EXERCISE DETAILS:
Transcribe the records below exactly as written, from the opening line through the line that contains "t < envelope".

[Start of Attachment]

lemma active_eventually_subset:
  assumes "finite I"
  shows "eventually (\<lambda>s. active I a b s \<subseteq> active I a b t) (nhds t)"
proof -
  have "eventually (\<lambda>s. k \<notin> active I a b s) (nhds t)" if k: "k \<in> I - active I a b t" for k
  proof -
    have "a k + b k * t < envelope I a b t"
      using k envelope_ge[OF assms, of k a b t] unfolding active_def by auto
    then obtain l where l: "l \<in> I" "a k + b k * t < a l + b l * t"
      using Max_in[of "(\<lambda>k. a k + b k * t) ` I"] assms k unfolding envelope_def by fastforce
    have "((\<lambda>s. (a l + b l * s) - (a k + b k * s)) \<longlongrightarrow> (a l + b l * t) - (a k + b k * t)) (nhds t)"
      by (intro tendsto_intros filterlim_ident)
    from order_tendstoD(1)[OF this, of 0] l(2)
    have "eventually (\<lambda>s. a k + b k * s < a l + b l * s) (nhds t)" by simp
    then show ?thesis
    proof eventually_elim
      case (elim s)
      with envelope_ge[OF assms l(1), of a b s] show ?case by (auto simp: active_def)
    qed
  qed
  then have "eventually (\<lambda>s. \<forall>k\<in>I - active I a b t. k \<notin> active I a b s) (nhds t)"
    using assms by (intro eventually_ball_finite) auto
  then show ?thesis by eventually_elim (auto simp: active_def)
qed

lemma changepoint_envelopeD:
  assumes "finite I" "I \<noteq> {}" "t \<in> changepoints (envelope I a b)"
  shows "\<exists>k\<in>active I a b t. \<exists>l\<in>active I a b t. b k < b l"
proof (rule ccontr)
  assume "\<not> ?thesis"
  then have same_slope: "b k = b l" if "k \<in> active I a b t" "l \<in> active I a b t" for k l
    using that by (cases "b k < b l"; cases "b l < b k") auto
  obtain k0 where k0: "k0 \<in> active I a b t" using active_nonempty[OF assms(1,2)] by blast
  have "eventually (\<lambda>s. envelope I a b s = b k0 * s + a k0) (nhds t)"
    using active_eventually_subset[OF assms(1), of a b t]
  proof eventually_elim
    case (elim s)
    obtain k where k: "k \<in> active I a b s" using active_nonempty[OF assms(1,2)] by blast
    with elim have kt: "k \<in> active I a b t" by blast
    have "b k = b k0" using same_slope[OF kt k0] .
    moreover from this kt k0 have "a k = a k0" by (simp add: active_def)
    ultimately show ?case using k by (simp add: active_def)
  qed
  then obtain e where "e > 0" "\<forall>s. dist s t < e \<longrightarrow> envelope I a b s = b k0 * s + a k0"
    unfolding eventually_nhds_metric by blast
  then have "\<forall>s\<in>{t - e<..<t + e}. envelope I a b s = b k0 * s + a k0"
    by (auto simp: dist_real_def abs_less_iff)
  then have "\<exists>e>0. \<exists>c d. \<forall>s\<in>{t - e<..<t + e}. envelope I a b s = c * s + d"
    using \<open>e > 0\<close> by blast
  with assms(3) show False unfolding changepoints_def by blast
qed

lemma card_changepoints_envelope:
  assumes "finite I" "I \<noteq> {}"
  shows "finite (changepoints (envelope I a b)) \<and> card (changepoints (envelope I a b)) \<le> card I - 1"
proof -
  define C where "C = changepoints (envelope I a b)"
  define top_slope where "top_slope t = Max (b ` active I a b t)" for t
  have fin_active: "finite (active I a b t)" for t using assms(1) by (simp add: active_def)
  have top_slope_ge: "b k \<le> top_slope t" if "k \<in> active I a b t" for k t
    unfolding top_slope_def using that fin_active by (intro Max_ge) auto
  have top_slope_attained: "\<exists>k\<in>active I a b t. top_slope t = b k" for t
  proof -
    have "top_slope t \<in> b ` active I a b t"
      unfolding top_slope_def using fin_active active_nonempty[OF assms] by (intro Max_in) auto
    then show ?thesis by auto
  qed
  have mono: "top_slope t < top_slope s" if "t \<in> C" and s: "s \<in> C" and "t < s" for t s
  proof -
    obtain k where k: "k \<in> active I a b t" "top_slope t = b k" using top_slope_attained by blast
    obtain l m where lm: "l \<in> active I a b s" "m \<in> active I a b s" "b l < b m"
      using changepoint_envelopeD[OF assms] s C_def by blast
    have "b k \<le> b l" using active_slope_mono[OF assms(1) \<open>t < s\<close> k(1) lm(1)] .
    with k(2) lm(3) top_slope_ge[OF lm(2)] show ?thesis by linarith
  qed
  have inj: "inj_on top_slope C"
  proof (rule inj_onI)
    fix t s assume "t \<in> C" "s \<in> C" "top_slope t = top_slope s"
    then show "t = s" using mono[of t s] mono[of s t] by (cases t s rule: linorder_cases) auto
  qed
  have "top_slope ` C \<subseteq> b ` I - {Min (b ` I)}"
  proof
    fix z assume "z \<in> top_slope ` C"
    then obtain t where t: "t \<in> C" "z = top_slope t" by blast
    obtain k l where kl: "k \<in> active I a b t" "l \<in> active I a b t" "b k < b l"
      using changepoint_envelopeD[OF assms] t(1) C_def by blast
    have "Min (b ` I) \<le> b k" using kl(1) assms(1) by (intro Min_le) (auto simp: active_def)
    moreover have "b l \<le> top_slope t" using top_slope_ge[OF kl(2)] .
    moreover obtain m where "m \<in> active I a b t" "top_slope t = b m" using top_slope_attained by blast
    ultimately show "z \<in> b ` I - {Min (b ` I)}" using kl(3) t(2) by (auto simp: active_def)
  qed
  moreover have "finite (b ` I - {Min (b ` I)})" using assms(1) by simp
  ultimately have "finite C" and "card C \<le> card (b ` I - {Min (b ` I)})"
    using inj_on_finite[OF inj] card_inj_on_le[OF inj] by simp_all
  moreover have "card (b ` I - {Min (b ` I)}) \<le> card I - 1"
    using assms card_image_le[OF assms(1), of b] by (simp add: card_Diff_singleton)
  ultimately show ?thesis using C_def by simp
qed

lemma changepoints_cong:
  assumes "\<And>s. s \<in> {0..1} \<Longrightarrow> f s = g s"
  shows "changepoints f = changepoints g"
proof -
  have "t \<in> changepoints f" if "t \<in> changepoints g" "\<And>s. s \<in> {0..1} \<Longrightarrow> f s = g s"
    for f g :: "real \<Rightarrow> real" and t
  proof (rule ccontr)
    assume "t \<notin> changepoints f"
    with that(1) obtain e c d where t: "0 < t" "t < 1" and "e > 0"
      and affine: "\<forall>s\<in>{t - e<..<t + e}. f s = c * s + d"
      unfolding changepoints_def by auto
    define e' where "e' = min e (min t (1 - t))"
    have "e' > 0" using t \<open>e > 0\<close> by (simp add: e'_def)
    moreover have "\<forall>s\<in>{t - e'<..<t + e'}. g s = c * s + d"
    proof
      fix s assume "s \<in> {t - e'<..<t + e'}"
      then have "s \<in> {0..1}" "s \<in> {t - e<..<t + e}" by (auto simp: e'_def)
      then show "g s = c * s + d" using affine that(2) by metis
    qed
    ultimately show False using that(1) unfolding changepoints_def by blast
  qed
  with assms show ?thesis by (metis subsetI subset_antisym)
qed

[End of Attachment]

OUTPUT FOR THIS TASK:
lemma active_eventually_subset:
  assumes "finite I"
  shows "eventually (\<lambda>s. active I a b s \<subseteq> active I a b t) (nhds t)"
proof -
  have "eventually (\<lambda>s. k \<notin> active I a b s) (nhds t)" if k: "k \<in> I - active I a b t" for k
  proof -
    have "a k + b k * t < envelope I a b t"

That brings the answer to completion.